I've been experimenting with something called cohort analysis lately. The results are heartening. In short, you instrument your code to record notable user events. Then you analyze them.

I started by adding a single table to my database:

CREATE TABLE cohort_log
(
    id         INTEGER      PRIMARY KEY AUTOINCREMENT,
    usertoken  VARCHAR(255) NOT NULL,
    day        INTEGER      NOT NULL,
    month      INTEGER      NOT NULL,
    year       INTEGER      NOT NULL,
    event      TEXT(25)     NOT NULL,
    notes      VARCHAR(255) DEFAULT ''
);

A user may generate multiple events. Every event has a canonical name. I haven't made these into a formal enumeration yet, but that's on my list. Every event has a token I'll explain soon. Every event also has a notes field for additional information, such as the user-agent string for the "new visitor has appeared" event or the name of the offending template for the "wow, there's a bug in the template and the system had to bail out this request!" event.

(Separating the timestamp into discrete components is a deliberate denormalization I don't necessarily recommend for your uses. There's a reason for it, but I won't tell you which side of the argument I argued.)

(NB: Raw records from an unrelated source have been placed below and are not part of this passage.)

definition unit_array :: "nat \<times> nat \<Rightarrow> nat \<Rightarrow> nat \<Rightarrow> complex" where
  "unit_array c = (\<lambda>w j. if (w, j) = c then 1 else 0)"

lemma supported_on_subset_span:
  assumes "finite Cl"
  shows "supported_on Cl \<subseteq> VS.span (unit_array ` Cl)"
proof
  fix m assume m: "m \<in> supported_on Cl"
  have "(\<Sum>c\<in>Cl. coord m c * unit_array c w j) = m w j" for w j
    using assms m unfolding unit_array_def supported_on_def
    by (simp add: coord_def if_distrib[of "\<lambda>z. _ * z"] sum.delta' cong: if_cong)
  then have "m = (\<Sum>c\<in>Cl. cscale (coord m c) (unit_array c))"
    by (simp add: fun_eq_iff sum_cscale_apply)
  also have "\<dots> \<in> VS.span (unit_array ` Cl)"
    by (intro VS.span_sum VS.span_scale VS.span_base) auto
  finally show "m \<in> VS.span (unit_array ` Cl)" .
qed

lemma supported_basis_exists:
  assumes "finite Cl" "W \<subseteq> supported_on Cl"
  obtains B where "B \<subseteq> W" "VS.independent B" "W \<subseteq> VS.span B" "finite B" "card B = VS.dim W"
proof -
  obtain B where B: "B \<subseteq> W" "VS.independent B" "W \<subseteq> VS.span B" "card B = VS.dim W"
    using VS.basis_exists by blast
  have "B \<subseteq> VS.span (unit_array ` Cl)" using B(1) assms supported_on_subset_span by blast
  then have "finite B" using VS.independent_span_bound[of "unit_array ` Cl" B] assms(1) B(2) by auto
  then show ?thesis using B that by blast
qed

lemma supported_independent_card_le_dim:
  assumes "finite Cl" "W \<subseteq> supported_on Cl" "VS.independent B" "B \<subseteq> VS.span W"
  shows "finite B" "card B \<le> VS.dim W"
proof -
  obtain BW where BW: "BW \<subseteq> W" "VS.independent BW" "W \<subseteq> VS.span BW" "finite BW"
      "card BW = VS.dim W"
    using supported_basis_exists[OF assms(1,2)] .
  have "VS.span W \<subseteq> VS.span BW"
    using BW(3) VS.span_minimal[OF _ VS.subspace_span] by blast
  then have "B \<subseteq> VS.span BW" using assms(4) by blast
  then show "finite B" "card B \<le> VS.dim W"
    using VS.independent_span_bound[OF BW(4) assms(3)] BW(5) by simp_all
qed
(* Let $S=s_1,\ldots,s_n$ be a sequence of positive real numbers, $\gamma>0$, $k$ a positive integer and $\epsilon>0$. Let $(L^*,\alpha^*,\beta^* )$ be an optimal solution of $\textsc{Exp}$ for $S,\gamma,k$, let $g=(\prod_{i=1}^n s_i)^{1/n}$ and $\psi=n\log g$. Let $(L,\alpha,\beta)$ be the output of $\textit{ApproxExp}(S,\gamma,k,\epsilon)$. Then \[ \mathrm{score}_{\exp}(L,S;\alpha,\beta,\gamma)-\psi\le(1+\epsilon)\big(\mathrm{score}_{\exp}(L^*,S;\alpha^*,\beta^*,\gamma)-\psi\big). \] Moreover, if $g\ge1$, then $\mathrm{score}_{\exp}(L,S;\alpha,\beta,\gamma)\le(1+\epsilon)\,\mathrm{score}_{\exp}(L^*,S;\alpha^*,\beta^*,\gamma)$.
   Context: A level sequence is $L=\ell_1,\ldots,\ell_n$ of integers with $0\le\ell_i\le k$; set $\ell_0=0$. The penalty is $\mathrm{pen}(x,y)=\max(y-x,0)\,\gamma\log n$; $p_{\exp}(s;\lambda)=\lambda e^{-\lambda s}$; for $\alpha\ge1$, $\beta>0$, $\mathrm{score}_{\exp}(L,S;\alpha,\beta,\gamma)=\sum_{i=1}^n\big[-\log p_{\exp}(s_i;\beta\alpha^{\ell_i})+\mathrm{pen}(\ell_{i-1},\ell_i)\big]$. Problem $\textsc{Exp}$: given $S,\gamma,k$, find $L$ and parameters $\alpha$ (the paper uses $\alpha>1$) and $\beta>0$ minimizing this score. $\textit{Viterbi}(S,\alpha,\beta,\gamma,k,p_{\exp})$ returns a level sequence minimizing the score for fixed $\alpha,\beta$. Algorithm $\textit{ExpAlpha}(S,\alpha,\gamma,k,\epsilon)$: let $\mu=\frac1n\sum_i s_i$ and $\beta=1/\mu$; while $\beta\ge1/(\alpha^k\mu)$: run $\textit{Viterbi}(S,\alpha,\beta,\gamma,k,p_{\exp})$ and set $\beta\leftarrow\beta/(1+\epsilon)$; return the best tested $(L,\beta)$. Algorithm $\textit{ApproxExp}(S,\gamma,k,\epsilon)$: let $\alpha=(\max_i s_i)/(\min_i s_i)$ and $c=(1+\epsilon)^{1/(2k)}$; while $\alpha\ge1$: run $\textit{ExpAlpha}(S,\alpha,\gamma,k,\epsilon/2)$ and set $\alpha\leftarrow\alpha/c$. Return the observed triple $(L,\alpha,\beta)$ with the smallest score. *)

theory Defs
  imports Complex_Main
begin

text \<open>A sequence S = s_1..s_n is a function nat => real on indices 1..n;
  a level sequence L is a function nat => nat whose values on 1..n lie in 0..k.
  The convention l_0 = 0 is built into the score via prev_level.\<close>

definition level_seq :: "nat \<Rightarrow> nat \<Rightarrow> (nat \<Rightarrow> nat) \<Rightarrow> bool" where
  "level_seq n k L \<longleftrightarrow> (\<forall>i\<in>{1..n}. L i \<le> k)"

I use DBIx::Class to help manage our data layer, so I have a CohortLog class. The resultset includes several methods to help generate reports, but it also has a special method to insert a new event into the table:

=head2 log_event

Given a hash reference containing key/value pairs of C<usertoken>, C<event>,
and optionally C<notes>, logs a new cohort event. Throws an exception without
both required keys.

=cut

sub log_event
{
    my ($self, $args) = @_;

    do { die "Missing cohort event parameter '$_'\n" unless $args->{$_} }
        for qw( usertoken event );

    my $dt    = DateTime->now;
    $args->{$_} = $dt->$_ for qw( year month day );

    $self->create( $args );
}

This automatically inserts the current (timezone-adjusted) time values into the appropriate columns. (Again, a good default value in the database would make this work correctly, but we're sticking with this tradeoff for now.)

I added a couple of methods to the Catalyst context object so as to log these events:

=head2 log_cohort_event

Logs a cohort event. At the end of the request, these get cleared.

=cut

sub log_cohort_event
{
    my ($self, %event)  = @_;
    $event{usertoken} ||= $self->sessionid || 'unknownuser';

    push @{ $self->cohort_events }, \%event;
}

=head2 log_cohort_template_error

Turns the previous cohort event into a template error.

=cut

sub log_cohort_template_error
{
    my $self     = shift;
    my $template = $self->stash->{template};
    my $page     = $self->stash->{page} || '';
    my $event    = @{ $self->cohort_events }[-1];

    $event->{event}  = 'TEMPLATEERROR';
    $event->{notes} .= $template . ' ' . $page;
}

=head2 record_cohort_events

=cut

sub record_cohort_events
{
    my $self          = shift;
    my $events        = $self->cohort_events;
    my $cohort_log_rs = $self->model( 'DB::CohortLog' );

    for my $event (@$events)
    {
        $cohort_log_rs->log_event( $event );
    }

    @$events = ();
}

The most important method is log_cohort_event(), which takes named parameters corresponding to the cohort's data. The token associated with each event comes from the user's session id. (You can see a couple of flaws to work around, namely that some requests have no session information, such as those from bots and spiders, and that session ids may change over time. There are ways to work around these.)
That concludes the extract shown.